I'm trying to use a HF hub model that allows for function calling. From the docs, it seems as long as you have an access_token, you can use an HF model. This is the code for the model I want to use:

llm = Runner(
    which=Which.GGUF(
        tok_model_id="NousResearch/Meta-Llama-3-8B-Instruct",
        quantized_model_id="NousResearch/Hermes-2-Pro-Llama-3-8B-GGUF",
        quantized_filename="Hermes-2-Pro-Llama-3-8B-Q4_K_M.gguf",
        tokenizer_json=None,
        repeat_last_n=64,
    ),
    token_source=access_token,
)

I want to pass a custom Prompt (or Prompt Template) using the Prompt that the model uses for json mode.

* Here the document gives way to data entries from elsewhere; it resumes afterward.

(* The PBW basis of the commutative operad $\operatorname{Com}$ obtained (by taking the elements represented by increasing chains) from the CL-labelling of the partition posets which labels the edge between $(A_1,\dots,A_p)$ and the partition obtained by merging $A_i$ and $A_j$ by $\max(\min A_i,\min A_j)$ is the basis consisting of the binary left combs whose leaves are labelled from left to right by $1,\dots,n$.
   Context: $\operatorname{Com}$ is the operad of commutative associative algebras, generated by one symmetric binary operation $\mu$; its operadic partition posets are the posets of set partitions of $\{1,\dots,n\}$ ordered by refinement. The maximal chains of these posets correspond to levelled binary trees (one merge per level), and the associated PBW basis consists of the elements of $\operatorname{Com}$ (written as shuffle trees in $\mu$) represented by the unique strictly increasing (lexicographically minimal) maximal chains for the labelling. A binary left comb is the tree $(\cdots((x_1\mu x_2)\mu x_3)\cdots)\mu x_n$. *)

theory Defs
  imports Main
begin

text \<open>Binary trees in the single symmetric generator mu of Com; leaves are labelled by
  elements of {1..n}.\<close>
datatype tree = Leaf nat | Mu tree tree

text \<open>Shuffle-tree convention: the subtree containing the smaller minimal leaf is put on
  the left. Composing the trees f A and f B of two blocks A, B.\<close>
definition shuffle_mu :: "(nat set \<Rightarrow> tree) \<Rightarrow> nat set \<Rightarrow> nat set \<Rightarrow> tree" where
  "shuffle_mu f A B = (if Min A < Min B then Mu (f A) (f B) else Mu (f B) (f A))"

definition merge :: "nat set set \<Rightarrow> nat set \<Rightarrow> nat set \<Rightarrow> nat set set" where
  "merge P A B = (P - {A, B}) \<union> {A \<union> B}"

definition edge_label :: "nat set \<Rightarrow> nat set \<Rightarrow> nat" where
  "edge_label A B = max (Min A) (Min B)"

text \<open>run P f w Q g: a saturated chain in the partition poset from P to Q (each step merges
  two distinct blocks, i.e. is a cover relation), whose sequence of edge labels is w;
  f assigns to each block of P its tree, and g the trees of the blocks of Q obtained by
  grafting along the chain (one merge per level).\<close>
inductive run :: "nat set set \<Rightarrow> (nat set \<Rightarrow> tree) \<Rightarrow> nat list \<Rightarrow> nat set set \<Rightarrow> (nat set \<Rightarrow> tree) \<Rightarrow> bool" where
  run_nil: "run P f [] P f"
| run_step: "\<lbrakk> A \<in> P; B \<in> P; A \<noteq> B;
     run (merge P A B) (f (A \<union> B := shuffle_mu f A B)) w Q g \<rbrakk>
   \<Longrightarrow> run P f (edge_label A B # w) Q g"

definition bot_part :: "nat \<Rightarrow> nat set set" where
  "bot_part n = (\<lambda>i. {i}) ` {1..n}"

definition top_part :: "nat \<Rightarrow> nat set set" where
  "top_part n = {{1..n}}"

definition leaves :: "nat set \<Rightarrow> tree" where
  "leaves A = Leaf (Min A)"

definition pbw_basis :: "nat \<Rightarrow> tree set" where
  "pbw_basis n = {g {1..n} | w g. run (bot_part n) leaves w (top_part n) g \<and> sorted_wrt (<) w}"

definition left_comb :: "nat \<Rightarrow> tree" where
  "left_comb n = foldl (\<lambda>t i. Mu t (Leaf i)) (Leaf 1) [2..<n+1]"

end

theory Submission
  imports Defs
begin

(* Merging two blocks removes the label max (min A) (min B) from the set of block minima, and
   minima of distinct blocks stay distinct. Hence the labels of any maximal chain from the
   discrete partition of {1..n} to the one-block partition are 2, ..., n, each exactly once, and
   an increasing chain has labels 2, 3, ..., n in this order. At the partition
   {1..k}, {k+1}, ..., {n} the only pair of blocks with label k+1 is {1..k}, {k+1}; so the
   increasing chain exists, is unique, and its k-th step grafts the leaf k+1 to the right of the
   comb built so far. *)

lemma Min_atLeastAtMost: "a \<le> b \<Longrightarrow> Min {a..b} = (a::nat)"
  by (intro Min_eqI) auto

lemma merge_doubleton_eq: "{A, B} = {C, D} \<Longrightarrow> merge P A B = merge P C D"
  by (auto simp: merge_def doubleton_eq_iff)

lemma Min_merge:
  assumes "A \<in> P" "B \<in> P" "A \<noteq> B" "\<forall>X\<in>P. finite X \<and> X \<noteq> {}" "inj_on Min P"
  shows "Min ` merge P A B = Min ` P - {edge_label A B}"
proof -
  have "Min ` merge P A B = insert (min (Min A) (Min B)) (Min ` (P - {A, B}))"
    using assms(1,2,4) by (simp add: merge_def Min_Un)
  also have "Min ` (P - {A, B}) = Min ` P - {Min A, Min B}"
    using assms(1,2,5) by (simp add: inj_on_image_set_diff)
  also have "insert (min (Min A) (Min B)) (Min ` P - {Min A, Min B}) = Min ` P - {edge_label A B}"
  proof -
    have "Min A \<noteq> Min B"
      using assms(1,2,3,5) by (auto dest: inj_onD)
    then show ?thesis
      using assms(1,2) unfolding edge_label_def by (auto simp: min_def max_def)
  qed
  finally show ?thesis .
qed

lemma inj_on_Min_merge:
  assumes "A \<in> P" "B \<in> P" "\<forall>X\<in>P. finite X \<and> X \<noteq> {}" "inj_on Min P"
  shows "inj_on Min (merge P A B)"
proof -
  have "Min (A \<union> B) \<in> {Min A, Min B}"
    using assms(1-3) by (simp add: Min_Un min_def)
  then have "Min (A \<union> B) \<notin> Min ` (P - {A, B})"
    using assms(1,2,4) by (auto dest: inj_onD)
  moreover have "inj_on Min (P - {A, B})"
    using assms(4) by (rule inj_on_subset) blast
  ultimately show ?thesis
    unfolding merge_def by (auto simp: inj_on_Un)
qed

lemma run_Min_image:
  assumes "run P f w Q g" "\<forall>X\<in>P. finite X \<and> X \<noteq> {}" "inj_on Min P"
  shows "set w \<subseteq> Min ` P \<and> Min ` Q = Min ` P - set w"
  using assms
proof (induction rule: run.induct)
  case (run_nil P f)
  then show ?case by simp
next
  case (run_step A P B f w Q g)
  have "\<forall>X\<in>merge P A B. finite X \<and> X \<noteq> {}"
    using run_step.hyps(1,2) run_step.prems(1) by (auto simp: merge_def)
  then have "set w \<subseteq> Min ` merge P A B \<and> Min ` Q = Min ` merge P A B - set w"
    using run_step.IH run_step.hyps(1,2) run_step.prems inj_on_Min_merge by blast
  moreover have "edge_label A B \<in> Min ` P"
    using run_step.hyps(1,2) by (auto simp: edge_label_def max_def)
  ultimately show ?case
    using Min_merge[OF run_step.hyps(1-3) run_step.prems] by auto
qed

lemma run_bot_top_labels:
  assumes "run (bot_part n) f w (top_part n) g" "1 \<le> n"
  shows "set w = {2..n}"
proof -
  have "\<forall>X\<in>bot_part n. finite X \<and> X \<noteq> {}" "inj_on Min (bot_part n)"
    by (auto simp: bot_part_def inj_on_def)
  moreover have "Min {1..n} = 1"
    using assms(2) by (rule Min_atLeastAtMost)
  ultimately have "set w \<subseteq> {1..n}" "{1} = {1..n} - set w"
    using run_Min_image[OF assms(1)] by (simp_all add: bot_part_def top_part_def image_image)
  then have "set w = {1..n} - {1}"
    by blast
  also have "\<dots> = {2..n}"
    by auto
  finally show ?thesis .
qed

lemma sorted_run_bot_top_labels:
  assumes "run (bot_part n) f w (top_part n) g" "sorted_wrt (<) w" "1 \<le> n"
  shows "w = [2..<Suc n]"
proof (rule sorted_distinct_set_unique)
  show "sorted w" "distinct w"
    using assms(2) by (simp_all add: strict_sorted_iff)
  show "set w = set [2..<Suc n]"
    using run_bot_top_labels[OF assms(1,3)] by (metis atLeastLessThanSuc_atLeastAtMost set_upt)
  show "sorted [2..<Suc n]" "distinct [2..<Suc n]"
    by (rule sorted_upt distinct_upt)+
qed

definition comb_partition :: "nat \<Rightarrow> nat \<Rightarrow> nat set set" where
  "comb_partition k n = insert {1..k} ((\<lambda>i. {i}) ` {k<..n})"

lemma bot_part_eq_comb_partition: "1 \<le> n \<Longrightarrow> bot_part n = comb_partition 1 n"
  by (auto simp: bot_part_def comb_partition_def)

lemma comb_partition_last: "comb_partition n n = top_part n"
  by (simp add: comb_partition_def top_part_def)

lemma comb_partitionE:
  assumes "X \<in> comb_partition k n"
  obtains "X = {1..k}" | i where "X = {i}" "k < i" "i \<le> n"
  using assms unfolding comb_partition_def by auto

lemma comb_partition_label_Suc:
  assumes "A \<in> comb_partition k n" "B \<in> comb_partition k n" "A \<noteq> B"
    and "edge_label A B = Suc k" "1 \<le> k"
  shows "{A, B} = {{1..k}, {Suc k}}"
proof -
  have "Min {1..k} = 1"
    using assms(5) by (rule Min_atLeastAtMost)
  with assms show ?thesis
    by (elim comb_partitionE) (auto simp: edge_label_def)
qed

lemma merge_comb_partition:
  "merge (comb_partition k n) {1..k} {Suc k} = comb_partition (Suc k) n"
proof -
  have "{1..k} \<notin> (\<lambda>i. {i}) ` {k<..n}"
    by auto
  then have "comb_partition k n - {{1..k}, {Suc k}} = (\<lambda>i. {i}) ` {k<..n} - {{Suc k}}"
    unfolding comb_partition_def by blast
  also have "\<dots> = (\<lambda>i. {i}) ` {Suc k<..n}"
    by auto
  finally show ?thesis
    by (simp add: merge_def comb_partition_def atLeastAtMostSuc_conv)
qed

lemma left_comb_Suc: "1 \<le> k \<Longrightarrow> left_comb (Suc k) = Mu (left_comb k) (Leaf (Suc k))"
  by (simp add: left_comb_def)

lemma shuffle_mu_left_comb:
  assumes "{A, B} = {{1..k}, {Suc k}}" "1 \<le> k"
    and "f {1..k} = left_comb k" "f {Suc k} = Leaf (Suc k)"
  shows "shuffle_mu f A B = left_comb (Suc k)"
proof -
  have "Min {1..k} = 1"
    using assms(2) by (rule Min_atLeastAtMost)
  with assms show ?thesis
    by (auto simp: doubleton_eq_iff shuffle_mu_def left_comb_Suc)
qed

lemma run_comb_partition_left_comb:
  assumes "run P f w Q g" "P = comb_partition k n" "w = [Suc k..<Suc n]" "1 \<le> k" "k \<le> n"
    and "f {1..k} = left_comb k" "\<forall>i\<in>{k<..n}. f {i} = Leaf i"
  shows "g {1..n} = left_comb n"
  using assms
proof (induction arbitrary: k rule: run.induct)
  case (run_nil P f)
  from run_nil.prems(2) have "[Suc k..<Suc n] = []"
    by (rule sym)
  with run_nil.prems(4) have "k = n"
    by (simp del: upt_Suc)
  with run_nil show ?case
    by simp
next
  case (run_step A P B f w Q g)
  from run_step.prems(2) have "[Suc k..<Suc n] = edge_label A B # w"
    by (rule sym)
  then have "k < n" and label: "edge_label A B = Suc k" and w: "w = [Suc (Suc k)..<Suc n]"
    unfolding upt_eq_Cons_conv by auto
  have AB: "{A, B} = {{1..k}, {Suc k}}"
    using run_step.hyps(1-3) label run_step.prems(3) unfolding run_step.prems(1)
    by (rule comb_partition_label_Suc)
  have union: "A \<union> B = {1..Suc k}"
    using arg_cong[OF AB, of Union] by (simp add: atLeastAtMostSuc_conv)
  have merge: "merge P A B = comb_partition (Suc k) n"
    unfolding run_step.prems(1) merge_doubleton_eq[OF AB] by (rule merge_comb_partition)
  have "f {Suc k} = Leaf (Suc k)"
    using run_step.prems(6) \<open>k < n\<close> by simp
  with AB run_step.prems(3,5) have shuffle: "shuffle_mu f A B = left_comb (Suc k)"
    by (rule shuffle_mu_left_comb)
  show ?case
  proof (rule run_step.IH[OF merge w])
    show "(f(A \<union> B := shuffle_mu f A B)) {1..Suc k} = left_comb (Suc k)"
      using union shuffle by simp
    show "\<forall>i\<in>{Suc k<..n}. (f(A \<union> B := shuffle_mu f A B)) {i} = Leaf i"
      using union run_step.prems(6) by (auto simp: eq_commute[of "{_}"])
  qed (use \<open>k < n\<close> in auto)
qed

lemma ex_run_comb_partition:
  assumes "k \<le> n" "1 \<le> k"
  shows "\<exists>g. run (comb_partition k n) f [Suc k..<Suc n] (top_part n) g"
  using assms
proof (induction k arbitrary: f rule: inc_induct)
  case base
  have "run (top_part n) f [] (top_part n) f"
    by (rule run_nil)
  then show ?case
    by (auto simp: comb_partition_last)
next
  case (step m)
  have "1 \<le> m"
    using step.hyps(1) step.prems by simp
  then have label: "edge_label {1..m} {Suc m} = Suc m"
    by (simp add: edge_label_def Min_atLeastAtMost)
  have blocks: "{1..m} \<in> comb_partition m n" "{Suc m} \<in> comb_partition m n" "{1..m} \<noteq> {Suc m}"
    using step.hyps(2) by (auto simp: comb_partition_def)
  obtain g where "run (comb_partition (Suc m) n) (f({1..m} \<union> {Suc m} := shuffle_mu f {1..m} {Suc m}))
      [Suc (Suc m)..<Suc n] (top_part n) g"
    using step.IH by auto
  then have "run (comb_partition m n) f (edge_label {1..m} {Suc m} # [Suc (Suc m)..<Suc n]) (top_part n) g"
    by (intro run_step[OF blocks]) (simp only: merge_comb_partition)
  moreover have "[Suc m..<Suc n] = Suc m # [Suc (Suc m)..<Suc n]"
    using step.hyps(2) by (simp add: upt_conv_Cons del: upt_Suc)
  ultimately show ?case
    using label by auto
qed

lemma run_bot_part_left_comb:
  assumes "run (bot_part n) leaves [2..<Suc n] (top_part n) g" "1 \<le> n"
  shows "g {1..n} = left_comb n"
proof (rule run_comb_partition_left_comb[OF assms(1)])
  show "bot_part n = comb_partition 1 n"
    using assms(2) by (rule bot_part_eq_comb_partition)
  show "[2..<Suc n] = [Suc 1..<Suc n]"
    by (simp add: numeral_2_eq_2 del: upt_Suc)
  show "leaves {1..1} = left_comb 1" "\<forall>i\<in>{1<..n}. leaves {i} = Leaf i"
    by (simp_all add: leaves_def left_comb_def)
qed (use assms(2) in simp_all)

lemma ex_run_bot_part:
  assumes "1 \<le> n"
  shows "\<exists>g. run (bot_part n) leaves [2..<Suc n] (top_part n) g"
  using ex_run_comb_partition[OF assms order_refl] bot_part_eq_comb_partition[OF assms]
  by (simp add: numeral_2_eq_2 del: upt_Suc)

theorem mainTheorem5:
  fixes n :: nat
  assumes "n \<ge> 1"
  shows "pbw_basis n = {left_comb n}"
proof -
  have "t \<in> pbw_basis n \<longleftrightarrow> t = left_comb n" for t
  proof
    assume "t \<in> pbw_basis n"
    then obtain w g where "t = g {1..n}" "run (bot_part n) leaves w (top_part n) g" "sorted_wrt (<) w"
      unfolding pbw_basis_def by blast
    with assms show "t = left_comb n"
      by (metis sorted_run_bot_top_labels run_bot_part_left_comb)
  next
    assume "t = left_comb n"
    moreover obtain g where "run (bot_part n) leaves [2..<Suc n] (top_part n) g"
      using ex_run_bot_part[OF assms] by blast
    ultimately show "t \<in> pbw_basis n"
      unfolding pbw_basis_def using run_bot_part_left_comb[OF _ assms] sorted_wrt_upt by fastforce
  qed
  then show ?thesis
    by blast
qed

end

This is the code that I've tried, but it just seems to hang:

output = llm.send_completion_request(
    CompletionRequest(
        model="llama",
        prompt=prompt,
        echo_prompt=True,
        presence_penalty=1.0,
        top_p=0.1,
        temperature=0.1,
    )
)

Any idea on how to send a custom Prompt?

The text was updated successfully, but these errors were encountered:

joshpopelka20 · 2024-05-17T15:56:58Z

It loads the model in iteractive mode ./mistralrs_server -i --token-source "literal:hf_..." --port 1234 --log output.log gguf -m NousResearch/Hermes-2-Pro-Llama-3-8B-GGUF -t NousResearch/Meta-Llama-3-8B-Instruct -f Hermes-2-Pro-Llama-3-8B-Q4_K_M.gguf and runs pretty quickly when I send a simple prompt.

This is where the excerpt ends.